Data Flow
Now, as you know, we can produce transactions and insert them into Beacount files with unique import IDs so that we can trace them. The next would be putting all the pieces together. Here's the flow diagram of how beanhub-import works:
Step 1. Match input CSV files
Input rules are defined as shown in this example:
inputs:
- match: "import-data/mercury/*.csv"
config:
extractor: mercury
default_file: "books/{{ date.year }}.bean"
prepend_postings:
- account: Assets:Bank:US:Mercury
amount:
number: "{{ amount }}"
currency: "{{ currency | default('USD', true) }}"
First, we must find all the matched CSV files based on the rule.
Step 2. Extract transactions from the CSV files
Now that we know which CSV files to extract transactions from, the next step is to use beanhub-extract to do so.
Step 3. Merge & generate transactions
The design of this step is still working in progress, but we envision you can define "merge" rules like this:
merges:
- match:
- name: mercury
extractor:
equals: "mercury"
desc: "Credit card payment"
merge_key: "{{ date }}:{{ amount }}"
- name: chase
extractor:
equals: "chase"
desc: "Payment late fee"
merge_key: "{{ post_date }}:{{ amount }}"
actions:
- txn:
narration: "Paid credit card"
postings:
- account: Expenses:CreditCardPayment
amount:
number: "{{ -mercury.amount }}"
currency: "{{ mercury.currency | default('USD', true) }}"
- account: Expenses:LateFee
amount:
number: "{{ -chase.amount }}"
currency: "{{ chase.currency | default('USD', true) }}"
It will match multiple transactions from the CSV input files and generate Beancount transactions accordingly.

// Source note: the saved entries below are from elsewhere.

text \<open>Constraints (1)-(5) and (7) of a feasible assignment; shifting preserves exactly these.\<close>
definition assignment_feasible ::
    "'a set \<Rightarrow> ('a \<Rightarrow> nat) \<Rightarrow> nat \<Rightarrow> ('a \<Rightarrow> 'a \<Rightarrow> real) \<Rightarrow> ('a \<Rightarrow> real) \<Rightarrow> bool" where
  "assignment_feasible V L k x y \<longleftrightarrow>
     (\<Sum>u\<in>V. y u) = real k
   \<and> (\<forall>u\<in>V. \<forall>v\<in>V. x u v \<le> y u)
   \<and> (\<forall>u\<in>V. (\<Sum>v\<in>V. x u v) \<le> real (L u) * y u)
   \<and> (\<forall>v\<in>V. (\<Sum>u\<in>V. x u v) = 1)
   \<and> (\<forall>u\<in>V. 0 \<le> y u \<and> y u \<le> 1)
   \<and> (\<forall>u\<in>V. \<forall>v\<in>V. x u v \<ge> 0)"

lemma feasible_iff_assignment_feasible:
  "feasible V E L k \<delta> x y \<longleftrightarrow> assignment_feasible V L k x y
     \<and> (\<forall>u\<in>V. \<forall>v\<in>V. \<delta> < gdist V E u v \<longrightarrow> x u v = 0)"
  unfolding feasible_def assignment_feasible_def by blast

section \<open>A single shift\<close>

lemma shift_source: "fst (shift x y a b \<alpha>) a v = (1 - \<alpha> / y a) * x a v"
  by (simp add: shift_def Let_def algebra_simps)

lemma shift_target: "a \<noteq> b \<Longrightarrow> fst (shift x y a b \<alpha>) b v = x b v + \<alpha> / y a * x a v"
  by (simp add: shift_def Let_def)

lemma shift_other: "u \<noteq> a \<Longrightarrow> u \<noteq> b \<Longrightarrow> fst (shift x y a b \<alpha>) u = x u"
  by (simp add: shift_def Let_def)

lemma shift_openings: "snd (shift x y a b \<alpha>) = y(a := y a - \<alpha>, b := y b + \<alpha>)"
  by (simp add: shift_def Let_def)

lemma shift_support:
  assumes "a \<noteq> b" "0 < y a" "0 \<le> \<alpha>" "\<alpha> \<le> y a"
    and "fst (shift x y a b \<alpha>) u v > 0"
  shows "x u v > 0 \<or> (u = b \<and> x a v > 0)"
proof -
  have e: "0 \<le> \<alpha> / y a" "\<alpha> / y a \<le> 1" using assms(2-4) by auto
  consider "u = a" | "u = b" | "u \<noteq> a" "u \<noteq> b" by blast
  then show ?thesis
  proof cases
    case 1 then show ?thesis
      using assms(5) e by (simp add: shift_source zero_less_mult_iff)
  next
    case 2
    have "x a v \<le> 0 \<Longrightarrow> \<alpha> / y a * x a v \<le> 0" using e(1) mult_nonneg_nonpos by blast
    then show ?thesis using assms(1,5) 2 by (auto simp: shift_target)
  qed (use assms(5) in \<open>simp add: shift_other\<close>)
qed

text \<open>The load constraint (3) survives a shift: row b receives at most L(a) * alpha
  units of demand, which fits because L(a) \<le> L(b).\<close>
lemma shift_preserves_loads:
  assumes feas: "assignment_feasible V L k x y"
    and ab: "a \<in> V" "b \<in> V" "a \<noteq> b" "L a \<le> L b"
    and \<alpha>: "0 < y a" "0 \<le> \<alpha>" "\<alpha> \<le> y a"
    and u: "u \<in> V"
  shows "(\<Sum>v\<in>V. fst (shift x y a b \<alpha>) u v) \<le> real (L u) * snd (shift x y a b \<alpha>) u"
proof -
  define e where "e = \<alpha> / y a"
  have e: "0 \<le> e" "e \<le> 1" "e * y a = \<alpha>" using \<alpha> by (auto simp: e_def)
  have load: "(\<Sum>v\<in>V. x w v) \<le> real (L w) * y w" if "w \<in> V" for w
    using feas that unfolding assignment_feasible_def by blast
  consider "u = a" | "u = b" | "u \<noteq> a" "u \<noteq> b" by blast
  then show ?thesis
  proof cases
    case 1
    have "(\<Sum>v\<in>V. fst (shift x y a b \<alpha>) a v) = (1 - e) * (\<Sum>v\<in>V. x a v)"
      by (simp add: shift_source sum_distrib_left e_def)
    also have "\<dots> \<le> (1 - e) * (real (L a) * y a)" using load ab(1) e by (intro mult_left_mono) auto
    also have "\<dots> = real (L a) * (y a - \<alpha>)" using e(3) by (simp add: algebra_simps)
    finally show ?thesis using 1 ab(3) by (simp add: shift_openings)
  next
    case 2
    have "e * (\<Sum>v\<in>V. x a v) \<le> e * (real (L a) * y a)" using load ab(1) e by (intro mult_left_mono) auto
    also have "\<dots> = real (L a) * \<alpha>" using e(3) by (simp add: algebra_simps)
    also have "\<dots> \<le> real (L b) * \<alpha>" using ab(4) \<alpha> by (intro mult_right_mono) auto
    finally have "(\<Sum>v\<in>V. x b v) + e * (\<Sum>v\<in>V. x a v) \<le> real (L b) * (y b + \<alpha>)"
      using load[OF ab(2)] unfolding distrib_left by linarith
    then show ?thesis
      using 2 ab(3) by (simp add: shift_target shift_openings sum.distrib sum_distrib_left e_def)
  qed (use load u in \<open>simp add: shift_other shift_openings\<close>)
qed
text \<open>Among the first \<open>N + 1\<close> prefixes of a long word one is mapped into the span of the images
  of the shorter ones; cutting out the infix after each shorter prefix gives shorter words.\<close>
lemma linear_functional_vanishes_on_orbit:
  fixes G :: "'a list \<Rightarrow> 'v::euclidean_space \<Rightarrow> 'v" and \<eta> :: "'v \<Rightarrow> real"
  assumes lin: "\<And>u. linear (G u)" and "linear \<eta>"
    and action: "\<And>u v z. G (u @ v) z = G v (G u z)"
    and in_W: "\<And>u. G u z\<^sub>0 \<in> W" and dim_W: "dim W \<le> N"
    and closed: "\<And>w i j. j \<le> i \<Longrightarrow> Q w \<Longrightarrow> Q (take j w @ drop i w)"
    and short: "\<And>w. Q w \<Longrightarrow> length w < N \<Longrightarrow> \<eta> (G w z\<^sub>0) = 0"
  shows "Q w \<Longrightarrow> \<eta> (G w z\<^sub>0) = 0"
proof (induction "length w" arbitrary: w rule: less_induct)
  case less
  show ?case
  proof (cases "length w < N")
    case True
    then show ?thesis using short less.prems by blast
  next
    case False
    define p where "p j = G (take j w) z\<^sub>0" for j
    obtain i where "i \<le> N" and dep: "p i \<in> span (p ` {..<i})"
      using exists_in_span_of_predecessors[of N p W] dim_W in_W by (auto simp: p_def)
    define L where "L z = \<eta> (G (drop i w) z)" for z
    have "linear L"
      unfolding L_def using linear_compose[OF lin \<open>linear \<eta>\<close>] by (simp add: o_def)
    have "L (p j) = 0" if "j < i" for j
    proof -
      have "L (p j) = \<eta> (G (take j w @ drop i w) z\<^sub>0)" by (simp add: L_def p_def action)
      also have "\<dots> = 0"
        using less.hyps[of "take j w @ drop i w"] closed[of j i w] less.prems that \<open>i \<le> N\<close> False
        by simp
      finally show ?thesis .
    qed
    then have "L (p i) = 0"
      using span_induct[OF dep, of "\<lambda>z. L z = 0"] linear_subspace_kernel[OF \<open>linear L\<close>] by auto
    moreover have "L (p i) = \<eta> (G w z\<^sub>0)"
      by (simp add: L_def p_def action[symmetric])
    ultimately show ?thesis by simp
  qed
qed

Step 4. Match & generate transactions
For CSV transactions not matched in the merge step, we will apply all the matching rules defined in the imports
section like this:
imports:
- name: Gusto fees
match:
extractor:
equals: "mercury"
desc: GUSTO
actions:
- txn:
narration: "Gusto subscription fee"
postings:
- account: Expenses:Office:Supplies:SoftwareAsService
amount:
number: "{{ -amount }}"
currency: "{{ currency | default('USD', true) }}"
If there is a match, corresponding actions, usually adding a transaction, will be performed. The matched CSV transaction attributes will be provided as the values to render the Jinja2 template of the Beancount transaction.
Step 5. Collect existing Beancount transactions
To avoid generating duplicate transactions in the Beancount file, we need to traverse the Beancount folder and find all the existing transactions that were previously imported.
Step 6. Compute change sets
Now, with the generated transactions from the import rules and the existing Beancount transactions we previously inserted into Beancount files, we can compare and compute the required changes to make it up-to-date.
Step 7. Apply changes
Finally, with the change sets generated from the previous step, we use our beancount-parser to parse the existing Beancount files as syntax trees, transform them accordingly, and then write them back with our beancount-black formatter.
And that's it! Now, all the imported transactions are up-to-date.